Researchers at the Medical Research Council Laboratory of Medical Sciences and Imperial College London, in collaboration with Duke-NUS Medical School in Singapore, have made significant strides in extending the healthy lifespan of mice by targeting a protein called IL-11. Their study, published in Nature, reveals that inhibiting IL-11 can increase the healthy lifespan of mice by nearly 25%, offering promising insights that could potentially translate to human applications.
In their research, scientists created genetically modified mice lacking the gene responsible for producing IL-11 and administered an injection of an anti-IL-11 antibody to 75-week-old mice. This intervention neutralized the harmful effects of IL-11, demonstrating its potential for enhancing longevity.

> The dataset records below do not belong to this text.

lemma AE_tendsto_if_AE_eventually_close:
  fixes f :: "nat \<Rightarrow> 'a \<Rightarrow> 'b::metric_space"
  assumes "\<And>\<delta>. \<delta> > 0 \<Longrightarrow> AE x in M. eventually (\<lambda>n. dist (f n x) l < \<delta>) sequentially"
  shows "AE x in M. (\<lambda>n. f n x) \<longlonglongrightarrow> l"
proof -
  have "AE x in M. \<forall>k::nat. eventually (\<lambda>n. dist (f n x) l < inverse (real (Suc k))) sequentially"
    unfolding AE_all_countable using assms by simp
  then show ?thesis
  proof eventually_elim
    case (elim x)
    show ?case
    proof (rule tendstoI)
      fix r :: real assume "r > 0"
      then obtain k where k: "inverse (real (Suc k)) < r" using reals_Archimedean by blast
      show "eventually (\<lambda>n. dist (f n x) l < r) sequentially"
        using elim[rule_format, of k] by eventually_elim (use k in simp)
    qed
  qed
qed

lemma (in prob_space) AE_if_AE_on_large_sets:
  assumes "\<And>e. e > 0 \<Longrightarrow> \<exists>S\<in>sets M. prob S \<ge> 1 - e \<and> (AE x in M. x \<in> S \<longrightarrow> Q x)"
  shows "AE x in M. Q x"
proof -
  obtain S where S: "\<And>j. S j \<in> sets M" "\<And>j. prob (S j) \<ge> 1 - inverse (real (Suc j))"
      "\<And>j. AE x in M. x \<in> S j \<longrightarrow> Q x"
    using assms[of "inverse (real (Suc _))"]
    by (metis of_nat_0_less_iff positive_imp_inverse_positive zero_less_Suc)
  have U: "(\<Union>j. S j) \<in> sets M" using S(1) by auto
  have "prob (\<Union>j. S j) \<ge> 1 - inverse (real (Suc j))" for j
    using finite_measure_mono[OF _ U, of "S j"] S(2)[of j] by fastforce
  moreover have "(\<lambda>j. 1 - inverse (real (Suc j))) \<longlonglongrightarrow> 1"
    using tendsto_diff[OF tendsto_const LIMSEQ_inverse_real_of_nat, of 1] by simp
  ultimately have "prob (\<Union>j. S j) \<ge> 1"
    by (intro LIMSEQ_le_const2) auto
  then have "AE x in M. x \<in> (\<Union>j. S j)"
    using prob_eq_1[OF U] prob_le_1[of "\<Union>j. S j"] by simp
  moreover have "AE x in M. \<forall>j. x \<in> S j \<longrightarrow> Q x"
    unfolding AE_all_countable using S(3) by blast
  ultimately show ?thesis by eventually_elim blast
qed

lemma (in prob_space) AE_eventually_uniform_on_large_set:
  assumes "AE x in M. eventually (\<lambda>n. Q n x) sequentially"
    and "\<And>n. {x \<in> space M. Q n x} \<in> sets M" and "e > 0"
  obtains N where "{x \<in> space M. \<forall>n\<ge>N. Q n x} \<in> sets M"
    and "prob {x \<in> space M. \<forall>n\<ge>N. Q n x} > 1 - e"
proof -
  define G where "G N = {x \<in> space M. \<forall>n\<ge>N. Q n x}" for N
  have G: "G N \<in> sets M" for N
  proof -
    have "{x \<in> space M. N \<le> n \<longrightarrow> Q n x} \<in> sets M" for n
      using assms(2)[of n] by (cases "N \<le> n") auto
    then show ?thesis unfolding G_def by (rule sets.sets_Collect_countable_All)
  qed
  have "incseq G" by (auto simp: incseq_def G_def)
  then have "(\<lambda>N. prob (G N)) \<longlonglongrightarrow> prob (\<Union>N. G N)"
    using G by (intro finite_Lim_measure_incseq) auto
  moreover have "AE x in M. x \<in> (\<Union>N. G N)"
    using assms(1) AE_space by eventually_elim (auto simp: G_def eventually_sequentially)
  then have "prob (\<Union>N. G N) = 1"
    using G by (subst prob_eq_1) auto
  ultimately have "eventually (\<lambda>N. prob (G N) > 1 - e) sequentially"
    using assms(3) by (intro order_tendstoD(1)) auto
  then obtain N where "prob (G N) > 1 - e"
    by (auto simp: eventually_sequentially)
  with G that show ?thesis unfolding G_def by blast
qed

lemma measurable_map_components:
  "(\<lambda>\<xi>. map \<xi> ks) \<in> PiM UNIV (\<lambda>_. count_space (UNIV :: 'a::countable set)) \<rightarrow>\<^sub>M count_space UNIV"
proof (induction ks)
  case Nil
  then show ?case by simp
next
  case (Cons k ks)
  have "(\<lambda>\<xi>. c # map \<xi> ks) \<in> PiM UNIV (\<lambda>_. count_space (UNIV :: 'a set)) \<rightarrow>\<^sub>M count_space UNIV"
    for c :: 'a
    using measurable_compose[OF Cons, of "\<lambda>ys. c # ys" "count_space UNIV"] by (simp add: comp_def)
  moreover have "(\<lambda>\<xi>. \<xi> k) \<in> PiM UNIV (\<lambda>_. count_space (UNIV :: 'a set)) \<rightarrow>\<^sub>M count_space UNIV"
    by (rule measurable_component_singleton) simp
  ultimately show ?case
    using measurable_compose_countable[where f="\<lambda>c \<xi>. c # map \<xi> ks"] by simp
qed

locale finite_alphabet_process = prob_space P for P :: "(int \<Rightarrow> 'a::finite) measure" +
  assumes sets_P: "sets P = sets (PiM UNIV (\<lambda>_::int. count_space (UNIV :: 'a set)))"
begin

lemma space_P: "space P = UNIV"
  using sets_eq_imp_space_eq[OF sets_P] by (simp add: space_PiM)

lemma sets_word_pred: "{\<xi>. Q (word \<xi> n)} \<in> sets P"
proof -
  have "(\<lambda>\<xi>. word \<xi> n) \<in> P \<rightarrow>\<^sub>M count_space UNIV"
    unfolding word_def using measurable_map_components measurable_cong_sets[OF sets_P refl] by blast
  from measurable_sets[OF this, of "{x. Q x}"] show ?thesis by (simp add: space_P vimage_def)
qed

lemma sets_word_pred_all: "{\<xi>. \<forall>n. Q n (word \<xi> n)} \<in> sets P"
proof -
  have "{\<xi> \<in> space P. Q n (word \<xi> n)} \<in> sets P" for n
    using sets_word_pred[of "Q n" n] unfolding space_P by (simp only: UNIV_I simp_thms)
  from sets.sets_Collect_countable_All[OF this] show ?thesis
    unfolding space_P by (simp only: UNIV_I simp_thms)
qed

lemma marg_set_eq_sum:
  assumes "C \<subseteq> {x. length x = n}"
  shows "marg_set P n C = (\<Sum>x\<in>C. marg P n x)"
proof -
  have "finite C" using finite_subset[OF assms finite_lists_length_eq_UNIV] .
  moreover have "{\<xi> \<in> space P. word \<xi> n \<in> C} = (\<Union>x\<in>C. {\<xi>. word \<xi> n = x})"
    by (auto simp: space_P)
  ultimately show ?thesis
    unfolding marg_set_def marg_def space_P
    by (auto intro!: finite_measure_finite_Union sets_word_pred simp: disjoint_family_on_def)
qed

IL-11 is known to play a role in chronic inflammation, which has been linked to age-related diseases. As organisms age, they accumulate damaged proteins and other molecules, which can impair the immune system and increase susceptibility to infections, cancer, and autoimmune disorders. By inhibiting IL-11, researchers hope to mitigate these effects and promote healthier aging.

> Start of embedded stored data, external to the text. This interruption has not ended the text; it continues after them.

lemma exp_moment_Suc_le:
  assumes l: "0 \<le> l" and rho: "rho t \<le> r"
  shows "exp_moment l (Suc t) \<le> ennreal (exp (-l) * exp (r * (exp l - 1))) * exp_moment l t
            + ennreal ((1 - exp (-l)) * exp (r * (exp l - 1)))"
proof -
  define E where "E = exp (r * (exp l - 1))"
  have "ennreal (exp (rho t * (exp l - 1))) \<le> ennreal E"
    unfolding E_def using rho l by (intro ennreal_leI) (simp add: mult_right_mono)
  then have "exp_moment l (Suc t) \<le> ennreal E * (ennreal (exp (-l)) * exp_moment l t + ennreal (1 - exp (-l)))"
    unfolding exp_moment_Suc nn_integral_exp_arrival
    by (intro mult_mono nn_integral_exp_served_le l) auto
  also have "\<dots> = ennreal (exp (-l) * E) * exp_moment l t + ennreal ((1 - exp (-l)) * E)"
  proof -
    have "ennreal (exp (-l) * E) = ennreal (exp (-l)) * ennreal E"
      by (rule ennreal_mult) (auto simp: E_def)
    moreover have "ennreal ((1 - exp (-l)) * E) = ennreal (1 - exp (-l)) * ennreal E"
      using l by (intro ennreal_mult) (auto simp: E_def)
    ultimately show ?thesis by (simp only: distrib_left mult_ac)
  qed
  finally show ?thesis unfolding E_def .
qed

lemma exp_moment_bounded:
  assumes r: "0 < r" "r < 1" and mean: "(\<integral>\<^sup>+n. of_nat n \<partial>measure_pmf \<mu>0) = ennreal r"
    and l0: "0 < l0" "(\<integral>\<^sup>+ n. ennreal (exp (l0 * real n)) \<partial>measure_pmf \<mu>0) < \<infinity>"
  shows "\<exists>l>0. (SUP t. exp_moment l t) < \<infinity>"
proof -
  obtain l where l: "0 < l" "l \<le> l0" "exp (-l) * exp (r * (exp l - 1)) < 1"
    using exists_contracting_exponent[OF r l0(1)] by blast
  have "exp_moment l 0 = (\<integral>\<^sup>+ n. ennreal (exp (l * real n)) \<partial>measure_pmf \<mu>0)"
    unfolding exp_moment_def by (simp add: nn_integral_init[of "\<lambda>n. ennreal (exp (l * real n))"])
  also have "\<dots> \<le> (\<integral>\<^sup>+ n. ennreal (exp (l0 * real n)) \<partial>measure_pmf \<mu>0)"
    using l by (intro nn_integral_mono ennreal_leI) (simp add: mult_right_mono)
  finally have "exp_moment l 0 < \<infinity>" using l0(2) by (rule le_less_trans)
  moreover have "exp_moment l (Suc t) \<le> ennreal (exp (-l) * exp (r * (exp l - 1))) * exp_moment l t
            + ennreal ((1 - exp (-l)) * exp (r * (exp l - 1)))" for t
    using rho_le_mean[OF mean] r l by (intro exp_moment_Suc_le) auto
  moreover have "0 \<le> exp (-l) * exp (r * (exp l - 1))" "0 \<le> (1 - exp (-l)) * exp (r * (exp l - 1))"
    using l by simp_all
  ultimately obtain C where C: "\<And>t. exp_moment l t \<le> ennreal C"
    using ennreal_affine_recursion_bounded[of _ _ "exp_moment l"] l(3) by metis
  have "(SUP t. exp_moment l t) \<le> ennreal C" by (rule SUP_least) (rule C)
  then have "(SUP t. exp_moment l t) < \<infinity>" by (simp add: le_less_trans)
  then show ?thesis using l(1) by blast
qed

end

section \<open>The coupling\<close>

lemma measurable_map_list:
  fixes Z :: "nat \<Rightarrow> 'a \<Rightarrow> 'b::countable"
  assumes "\<And>i. i \<in> set is \<Longrightarrow> Z i \<in> measurable M (count_space UNIV)"
  shows "(\<lambda>x. map (\<lambda>i. Z i x) is) \<in> measurable M (count_space UNIV)"
  using assms
proof (induction "is")
  case (Cons a "is")
  have "(\<lambda>x. (Z a x, map (\<lambda>i. Z i x) is)) \<in> measurable M (count_space UNIV \<Otimes>\<^sub>M count_space UNIV)"
    using Cons by (intro measurable_Pair) auto
  moreover have "(\<lambda>p. fst p # snd p)
      \<in> measurable (count_space UNIV \<Otimes>\<^sub>M count_space (UNIV :: 'b list set)) (count_space UNIV)"
    by (simp add: pair_measure_countable)
  ultimately show ?case using measurable_compose by fastforce
qed simp

definition unif_seq :: "(nat \<Rightarrow> real) measure" where
  "unif_seq = PiM UNIV (\<lambda>_. unif01)"

lemma prob_space_unif_seq: "prob_space unif_seq"
  unfolding unif_seq_def by (intro prob_space_PiM prob_space_unif01)

lemma measurable_unif_seq_component[measurable]: "(\<lambda>\<omega>. \<omega> i) \<in> measurable unif_seq unif01"
  unfolding unif_seq_def by (rule measurable_component_singleton) simp

lemma distr_unif_seq_component: "distr unif_seq unif01 (\<lambda>\<omega>. \<omega> i) = unif01"
  unfolding unif_seq_def by (intro distr_PiM_component prob_space_unif01) auto

lemma indep_vars_unif_seq: "prob_space.indep_vars unif_seq (\<lambda>_. unif01) (\<lambda>i \<omega>. \<omega> i) UNIV"
proof -
  interpret prob_space unif_seq by (rule prob_space_unif_seq)
  have "distr unif_seq (\<Pi>\<^sub>M i\<in>UNIV. unif01) (\<lambda>x. \<lambda>i\<in>UNIV. x i) = unif_seq"
    by (simp add: unif_seq_def restrict_UNIV distr_id)
  also have "\<dots> = (\<Pi>\<^sub>M i\<in>UNIV. distr unif_seq unif01 (\<lambda>\<omega>. \<omega> i))"
    by (simp only: distr_unif_seq_component) (simp add: unif_seq_def)
  finally show ?thesis
    by (subst indep_vars_iff_distr_eq_PiM) auto
qed

lemma measure_unif_seq_quantile:
  assumes f: "\<And>k. 0 \<le> f k" "f sums 1"
  shows "measure unif_seq {\<omega>\<in>space unif_seq. quantile f (\<omega> i) = k} = f k"
proof -
  have sets: "{u. quantile f u = k} \<in> sets unif01"
    using measurable_sets[OF measurable_quantile_unif01[of f], of "{k}"] by (simp add: vimage_def)
  have "measure unif_seq {\<omega>\<in>space unif_seq. quantile f (\<omega> i) = k}
      = measure unif_seq ((\<lambda>\<omega>. \<omega> i) -` {u. quantile f u = k} \<inter> space unif_seq)"
    by (rule arg_cong[where f="measure unif_seq"]) auto
  also have "\<dots> = measure (distr unif_seq unif01 (\<lambda>\<omega>. \<omega> i)) {u. quantile f u = k}"
    by (rule measure_distr[symmetric]) (use sets in auto)
  also have "\<dots> = f k"
    by (simp add: distr_unif_seq_component measure_unif01_quantile[OF f])
  finally show ?thesis .
qed

lemma indep_var_quantile_lists:
  assumes "set is \<inter> set js = {}"
  shows "prob_space.indep_var unif_seq
    (count_space UNIV) (\<lambda>\<omega>. map (\<lambda>i. quantile (g i) (\<omega> i)) is)
    (count_space UNIV) (\<lambda>\<omega>. map (\<lambda>i. quantile (g i) (\<omega> i)) js)"
proof -
  let ?restr = "\<lambda>A \<omega>. restrict (\<lambda>i. \<omega> i) A"
  let ?Q = "\<lambda>ks x. map (\<lambda>i. quantile (g i) (x i)) ks"
  have "(\<lambda>x. quantile (g i) (x i)) \<in> measurable (PiM I (\<lambda>_. unif01)) (count_space UNIV)"
    if "i \<in> I" for i I
    by (rule measurable_compose[OF measurable_component_singleton[of i I "\<lambda>_. unif01", OF that]
          measurable_quantile_unif01])
  then have meas: "?Q ks \<in> measurable (PiM (set ks) (\<lambda>_. unif01)) (count_space UNIV)" for ks
    by (intro measurable_map_list) simp
  have "prob_space.indep_var unif_seq (PiM (set is) (\<lambda>_. unif01)) (?restr (set is))
      (PiM (set js) (\<lambda>_. unif01)) (?restr (set js))"
    by (rule prob_space.indep_var_restrict[OF prob_space_unif_seq indep_vars_unif_seq assms]) auto
  then have "prob_space.indep_var unif_seq (count_space UNIV) (?Q is \<circ> ?restr (set is))
      (count_space UNIV) (?Q js \<circ> ?restr (set js))"
    by (rule prob_space.indep_var_compose[OF prob_space_unif_seq _ meas meas])
  moreover have "?Q ks \<circ> ?restr (set ks) = (\<lambda>\<omega>. ?Q ks \<omega>)" for ks
    by (auto simp: fun_eq_iff)
  ultimately show ?thesis by simp
qed

lemma indep_vars_quantiles:
  "prob_space.indep_vars unif_seq (\<lambda>_. count_space UNIV) (\<lambda>i \<omega>. quantile (g i) (\<omega> i)) UNIV"
  by (rule prob_space.indep_vars_compose2[OF prob_space_unif_seq indep_vars_unif_seq]) simp

definition coupled_init :: "nat pmf \<Rightarrow> (nat \<Rightarrow> real) \<Rightarrow> nat" where
  "coupled_init \<mu>0 \<omega> = quantile (pmf \<mu>0) (\<omega> 0)"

The study’s findings suggest that anti-IL-11 therapies could be a viable option for extending human lifespan, though further clinical trials are necessary to confirm their efficacy. Cathy Slack, a researcher at the University of Warwick, highlights the significance of this breakthrough, noting that translating these findings into clinical therapies represents a critical opportunity for advancing the field of aging research.
Anissa Widjaja, a molecular biologist, discovered the connection between IL-11 and aging serendipitously, leading to this promising development. As the field of aging research continues to explore potential interventions, the path to human clinical trials for IL-11 therapies appears more viable than many other rejuvenation approaches.